For the listing below, return the line containing "(Star \<alpha>) X", the line containing "(DODE sys Q)", and all lines in between, exactly as written and nothing else.
════════════════════
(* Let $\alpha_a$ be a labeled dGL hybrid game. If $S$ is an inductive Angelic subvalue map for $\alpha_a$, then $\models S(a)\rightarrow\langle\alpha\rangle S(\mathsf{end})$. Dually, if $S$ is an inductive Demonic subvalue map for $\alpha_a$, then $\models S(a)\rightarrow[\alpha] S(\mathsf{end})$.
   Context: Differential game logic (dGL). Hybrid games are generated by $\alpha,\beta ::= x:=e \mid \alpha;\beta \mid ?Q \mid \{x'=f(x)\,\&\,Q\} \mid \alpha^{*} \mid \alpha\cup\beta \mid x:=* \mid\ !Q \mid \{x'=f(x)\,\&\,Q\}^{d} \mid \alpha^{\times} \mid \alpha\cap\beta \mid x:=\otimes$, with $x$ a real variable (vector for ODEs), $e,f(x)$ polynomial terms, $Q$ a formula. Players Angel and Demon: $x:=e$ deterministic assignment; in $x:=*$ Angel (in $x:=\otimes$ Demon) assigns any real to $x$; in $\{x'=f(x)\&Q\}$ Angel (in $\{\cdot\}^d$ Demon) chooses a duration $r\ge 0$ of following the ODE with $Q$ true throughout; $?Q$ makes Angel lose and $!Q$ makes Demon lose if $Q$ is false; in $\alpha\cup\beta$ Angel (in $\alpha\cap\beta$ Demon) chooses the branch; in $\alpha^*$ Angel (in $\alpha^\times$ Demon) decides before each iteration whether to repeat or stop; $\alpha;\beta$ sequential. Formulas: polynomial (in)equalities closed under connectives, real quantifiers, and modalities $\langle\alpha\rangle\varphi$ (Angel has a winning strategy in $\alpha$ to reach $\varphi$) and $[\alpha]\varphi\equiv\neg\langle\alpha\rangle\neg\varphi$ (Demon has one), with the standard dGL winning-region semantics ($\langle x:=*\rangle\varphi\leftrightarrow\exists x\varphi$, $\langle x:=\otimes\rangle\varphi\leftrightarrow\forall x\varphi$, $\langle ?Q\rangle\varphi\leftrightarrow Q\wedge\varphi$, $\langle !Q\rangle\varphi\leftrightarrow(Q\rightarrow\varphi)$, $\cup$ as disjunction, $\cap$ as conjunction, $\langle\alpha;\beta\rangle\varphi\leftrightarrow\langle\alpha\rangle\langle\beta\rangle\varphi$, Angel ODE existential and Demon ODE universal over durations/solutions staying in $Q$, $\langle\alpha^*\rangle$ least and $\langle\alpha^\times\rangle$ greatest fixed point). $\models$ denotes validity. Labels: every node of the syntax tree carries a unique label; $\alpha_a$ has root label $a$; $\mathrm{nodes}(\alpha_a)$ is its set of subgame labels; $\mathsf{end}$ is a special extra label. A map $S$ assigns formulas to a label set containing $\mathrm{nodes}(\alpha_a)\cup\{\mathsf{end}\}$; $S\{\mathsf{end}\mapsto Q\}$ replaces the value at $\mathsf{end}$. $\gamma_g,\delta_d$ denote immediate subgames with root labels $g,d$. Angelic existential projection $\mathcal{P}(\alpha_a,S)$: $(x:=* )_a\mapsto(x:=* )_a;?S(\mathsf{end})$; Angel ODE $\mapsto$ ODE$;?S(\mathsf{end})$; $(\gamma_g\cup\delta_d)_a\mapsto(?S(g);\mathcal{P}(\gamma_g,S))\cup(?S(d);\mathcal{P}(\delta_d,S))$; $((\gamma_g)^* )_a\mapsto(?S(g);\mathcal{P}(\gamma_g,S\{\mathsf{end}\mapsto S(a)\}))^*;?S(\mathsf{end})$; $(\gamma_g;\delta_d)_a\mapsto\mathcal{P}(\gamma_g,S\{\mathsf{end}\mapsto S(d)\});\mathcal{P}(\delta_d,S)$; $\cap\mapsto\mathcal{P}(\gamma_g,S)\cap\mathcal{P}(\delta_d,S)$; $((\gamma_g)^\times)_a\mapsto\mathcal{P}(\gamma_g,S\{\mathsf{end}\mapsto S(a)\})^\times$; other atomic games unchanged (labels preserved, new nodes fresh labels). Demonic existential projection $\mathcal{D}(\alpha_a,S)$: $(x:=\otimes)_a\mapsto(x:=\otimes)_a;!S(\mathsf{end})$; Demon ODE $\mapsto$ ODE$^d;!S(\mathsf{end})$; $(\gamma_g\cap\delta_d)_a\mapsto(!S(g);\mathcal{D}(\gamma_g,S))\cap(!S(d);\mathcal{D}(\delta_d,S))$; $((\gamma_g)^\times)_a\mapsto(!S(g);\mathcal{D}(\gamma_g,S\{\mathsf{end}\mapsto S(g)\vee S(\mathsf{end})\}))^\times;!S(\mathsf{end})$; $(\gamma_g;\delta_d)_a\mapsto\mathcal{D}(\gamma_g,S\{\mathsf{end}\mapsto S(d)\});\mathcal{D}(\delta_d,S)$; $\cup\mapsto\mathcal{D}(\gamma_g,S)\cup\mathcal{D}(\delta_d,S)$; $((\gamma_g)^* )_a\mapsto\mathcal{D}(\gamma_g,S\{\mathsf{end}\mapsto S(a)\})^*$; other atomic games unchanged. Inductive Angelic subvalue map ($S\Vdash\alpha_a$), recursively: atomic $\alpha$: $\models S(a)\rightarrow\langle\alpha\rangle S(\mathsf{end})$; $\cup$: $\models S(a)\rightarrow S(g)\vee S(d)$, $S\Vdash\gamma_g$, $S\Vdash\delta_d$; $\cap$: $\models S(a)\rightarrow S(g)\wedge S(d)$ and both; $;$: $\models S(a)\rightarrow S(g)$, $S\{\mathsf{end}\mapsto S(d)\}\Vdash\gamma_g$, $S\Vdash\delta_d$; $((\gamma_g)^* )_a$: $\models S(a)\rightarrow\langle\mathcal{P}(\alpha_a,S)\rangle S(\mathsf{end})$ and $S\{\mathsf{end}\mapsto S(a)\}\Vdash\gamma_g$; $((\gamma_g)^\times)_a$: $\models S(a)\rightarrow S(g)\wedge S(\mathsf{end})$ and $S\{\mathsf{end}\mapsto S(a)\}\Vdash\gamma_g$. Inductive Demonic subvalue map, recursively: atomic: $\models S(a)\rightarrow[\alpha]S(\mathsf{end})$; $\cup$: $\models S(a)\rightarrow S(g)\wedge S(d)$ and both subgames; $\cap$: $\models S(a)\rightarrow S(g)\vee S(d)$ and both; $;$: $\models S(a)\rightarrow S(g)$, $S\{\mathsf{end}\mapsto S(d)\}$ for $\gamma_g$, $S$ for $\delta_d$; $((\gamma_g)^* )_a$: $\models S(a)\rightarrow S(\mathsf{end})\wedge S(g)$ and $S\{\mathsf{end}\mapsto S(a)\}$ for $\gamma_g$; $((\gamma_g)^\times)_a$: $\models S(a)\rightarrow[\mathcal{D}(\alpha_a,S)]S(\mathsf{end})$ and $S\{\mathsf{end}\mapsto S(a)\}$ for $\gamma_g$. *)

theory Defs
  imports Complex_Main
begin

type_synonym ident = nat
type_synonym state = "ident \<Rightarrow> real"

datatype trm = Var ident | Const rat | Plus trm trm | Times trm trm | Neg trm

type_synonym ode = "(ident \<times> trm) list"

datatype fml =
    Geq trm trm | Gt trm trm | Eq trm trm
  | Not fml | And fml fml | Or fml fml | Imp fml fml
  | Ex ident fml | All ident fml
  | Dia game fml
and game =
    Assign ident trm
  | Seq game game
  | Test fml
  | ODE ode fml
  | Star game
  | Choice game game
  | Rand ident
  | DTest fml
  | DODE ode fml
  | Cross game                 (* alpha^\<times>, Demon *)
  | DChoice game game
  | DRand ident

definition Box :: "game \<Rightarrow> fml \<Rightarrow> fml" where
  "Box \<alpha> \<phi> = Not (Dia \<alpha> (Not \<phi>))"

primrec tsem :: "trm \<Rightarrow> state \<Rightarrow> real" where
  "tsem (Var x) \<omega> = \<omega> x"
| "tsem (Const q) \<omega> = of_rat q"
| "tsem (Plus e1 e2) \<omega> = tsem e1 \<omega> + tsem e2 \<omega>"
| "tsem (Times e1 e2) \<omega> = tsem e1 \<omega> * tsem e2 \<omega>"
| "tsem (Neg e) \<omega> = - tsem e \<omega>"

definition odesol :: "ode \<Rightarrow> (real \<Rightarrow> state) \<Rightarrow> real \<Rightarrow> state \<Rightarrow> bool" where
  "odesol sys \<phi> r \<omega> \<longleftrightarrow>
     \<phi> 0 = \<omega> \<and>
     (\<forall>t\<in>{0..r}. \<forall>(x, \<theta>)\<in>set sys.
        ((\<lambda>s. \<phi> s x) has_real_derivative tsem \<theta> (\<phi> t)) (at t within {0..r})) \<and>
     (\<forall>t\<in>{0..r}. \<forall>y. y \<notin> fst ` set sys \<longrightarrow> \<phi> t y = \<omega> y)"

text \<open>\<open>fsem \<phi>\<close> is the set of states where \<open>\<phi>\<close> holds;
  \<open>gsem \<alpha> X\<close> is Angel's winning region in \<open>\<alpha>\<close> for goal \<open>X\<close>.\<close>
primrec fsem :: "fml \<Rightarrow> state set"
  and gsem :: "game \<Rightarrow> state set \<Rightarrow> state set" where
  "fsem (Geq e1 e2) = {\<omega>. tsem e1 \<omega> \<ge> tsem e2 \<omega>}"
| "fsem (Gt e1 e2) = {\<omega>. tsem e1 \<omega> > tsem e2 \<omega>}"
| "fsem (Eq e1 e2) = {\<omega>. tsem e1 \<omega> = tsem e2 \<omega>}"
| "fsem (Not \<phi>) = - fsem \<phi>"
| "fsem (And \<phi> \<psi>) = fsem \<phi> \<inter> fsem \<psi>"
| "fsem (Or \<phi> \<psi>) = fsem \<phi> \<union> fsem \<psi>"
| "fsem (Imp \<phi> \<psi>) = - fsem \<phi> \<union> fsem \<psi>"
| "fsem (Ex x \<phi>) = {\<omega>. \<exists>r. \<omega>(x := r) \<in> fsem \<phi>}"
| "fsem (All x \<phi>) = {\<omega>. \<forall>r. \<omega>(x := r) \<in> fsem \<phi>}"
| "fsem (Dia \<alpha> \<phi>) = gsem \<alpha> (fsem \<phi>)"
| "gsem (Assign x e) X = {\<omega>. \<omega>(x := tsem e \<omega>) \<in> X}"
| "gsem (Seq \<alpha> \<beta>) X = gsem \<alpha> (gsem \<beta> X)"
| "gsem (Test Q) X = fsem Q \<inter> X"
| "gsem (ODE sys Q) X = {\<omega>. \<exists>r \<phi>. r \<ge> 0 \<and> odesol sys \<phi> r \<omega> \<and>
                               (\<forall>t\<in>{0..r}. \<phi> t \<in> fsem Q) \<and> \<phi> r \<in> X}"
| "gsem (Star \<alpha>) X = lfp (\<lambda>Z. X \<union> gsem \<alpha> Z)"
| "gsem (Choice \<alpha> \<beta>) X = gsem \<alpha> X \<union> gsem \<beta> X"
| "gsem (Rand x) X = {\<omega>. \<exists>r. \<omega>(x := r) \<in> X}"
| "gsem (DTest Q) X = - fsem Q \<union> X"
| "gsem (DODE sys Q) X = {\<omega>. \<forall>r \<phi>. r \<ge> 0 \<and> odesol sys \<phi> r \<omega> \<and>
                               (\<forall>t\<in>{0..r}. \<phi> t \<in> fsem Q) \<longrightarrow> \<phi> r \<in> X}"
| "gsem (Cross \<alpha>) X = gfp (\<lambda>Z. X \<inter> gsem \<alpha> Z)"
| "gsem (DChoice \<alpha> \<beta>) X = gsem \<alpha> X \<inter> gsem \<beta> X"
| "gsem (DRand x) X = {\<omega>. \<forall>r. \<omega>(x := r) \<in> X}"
════════════════════
**Task answer**
| "gsem (Star \<alpha>) X = lfp (\<lambda>Z. X \<union> gsem \<alpha> Z)"
| "gsem (Choice \<alpha> \<beta>) X = gsem \<alpha> X \<union> gsem \<beta> X"
| "gsem (Rand x) X = {\<omega>. \<exists>r. \<omega>(x := r) \<in> X}"
| "gsem (DTest Q) X = - fsem Q \<union> X"
| "gsem (DODE sys Q) X = {\<omega>. \<forall>r \<phi>. r \<ge> 0 \<and> odesol sys \<phi> r \<omega> \<and>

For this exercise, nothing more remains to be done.